MP: I think about many of these tremendous challenges in a very practical way. There are some concrete steps that we can take to make sure that each company and each investigator is aware of what ultimately needs to happen in order to make sure a new healthcare tool ultimately gets democratized. This requires a broader population to join the discussion much earlier. For example, when one thinks of a medical advisory board, for the most part, one still thinks of an advisory board filled with the top key opinion leaders in the nation, or the world. I would argue that we need to think about medical advisory boards, clinical advisory boards, or scientific advisory boards – whatever we want to call them – in a different way, where those advisory boards not only need to represent the best and the brightest in the medical and scientific community; we have to make sure we bring in providers and physicians that understand community practice and the unique challenges of working in the community, such as rural, suburban, or urban areas. Bring in folks that understand the practice of medicine in these different areas, so we are not just getting representatives who understand concepts and ideas of medicine at an academic level.
Clearly, the science must drive all these decisions – which is why this industry has been focused on bringing in the best and the brightest to guide these decisions – but there is no reason that we cannot bring in community providers much earlier. There is no reason that we cannot get patient advocacy groups involved in these discussions earlier. We simply have to start thinking about this critical step of democratization earlier in the clinical development effort. Instead of taking 15 to 20 years for something to transition from an academic center into the various communities around the United States and the broader world, which I believe is the average, why not thinking about it a lot sooner to shrink that gap from 15 years to 10 years, from 10 years to 5 years, and so on.
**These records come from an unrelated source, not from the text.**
lemma expect_A_le_geometric:
  assumes "m < M" "0 \<le> r" "D [] = 0"
    and step: "\<And>js j. j < M \<Longrightarrow> D (js @ [j]) \<le> r * D js + (if j = m then K else 0)"
  shows "expect_A M T D \<le> K / M * (\<Sum>t=1..T. r ^ (t - 1))"
proof (induction T)
  case 0
  show ?case by (simp add: expect_A_0 \<open>D [] = 0\<close>)
next
  case (Suc T)
  have M: "0 < M" using \<open>m < M\<close> by simp
  have "expect_A M (Suc T) D = expect_A M T (\<lambda>js. (\<Sum>j<M. D (js @ [j])) / real M)"
    by (rule expect_A_Suc[OF M])
  also have "\<dots> \<le> expect_A M T (\<lambda>js. r * D js + K / M)"
  proof (rule expect_A_mono)
    fix js :: "nat list"
    have "(\<Sum>j<M. D (js @ [j])) \<le> (\<Sum>j<M. r * D js + (if j = m then K else 0))"
      by (rule sum_mono) (use step in auto)
    also have "\<dots> = M * (r * D js) + K" using \<open>m < M\<close> by (simp add: sum.distrib)
    finally show "(\<Sum>j<M. D (js @ [j])) / real M \<le> r * D js + K / M"
      using M by (simp add: divide_simps algebra_simps)
  qed
  also have "\<dots> = r * expect_A M T D + K / M" by (rule expect_A_affine[OF M])
  also have "\<dots> \<le> r * (K / M * (\<Sum>t=1..T. r ^ (t - 1))) + K / M"
    using mult_left_mono[OF Suc.IH \<open>0 \<le> r\<close>] by simp
  also have "\<dots> = K / M * (\<Sum>t=1..Suc T. r ^ (t - 1))"
    unfolding sum_power_atLeast1_atMost_Suc by (simp add: algebra_simps)
  finally show ?case .
qed

lemma abs_expect_A_le_mult:
  assumes "0 < M" "\<And>js. \<bar>f js\<bar> \<le> c * g js"
  shows "\<bar>expect_A M T f\<bar> \<le> c * expect_A M T g"
proof -
  have "\<bar>expect_A M T f\<bar> \<le> expect_A M T (\<lambda>js. \<bar>f js\<bar>)"
    by (rule abs_expect_A_le)
  also have "\<dots> \<le> expect_A M T (\<lambda>js. c * g js + 0)"
    using assms(2) by (intro expect_A_mono) simp
  also have "\<dots> = c * expect_A M T g"
    using expect_A_affine[OF assms(1), of T c g 0] by simp
  finally show ?thesis .
qed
“The call to action is to make sure that the industry and the payer community representatives are collaborating much earlier in the process.”
We are all in this industry for a reason, to impact human health. The faster that we can do it, the greater impact we have on human health. The call to action is to make sure that the industry and the payer community representatives are collaborating much earlier in the process.
Let us start these discussions early, and let us set some goals for what this data needs to look like for the payers early. We have seen this latter scenario play out often in the past – especially true on the diagnostic side – with payers engaged too late saying, “Oh, great effort, but you missed the goalpost. You have to go back and try it all over again.” There’s no reason we should be doing that in 2020. We should be communicating much earlier. We should be working together to set the goals, so if the studies achieve them, there should be very few questions left about whether or not something is A) cost effective and B) able to get reimbursed.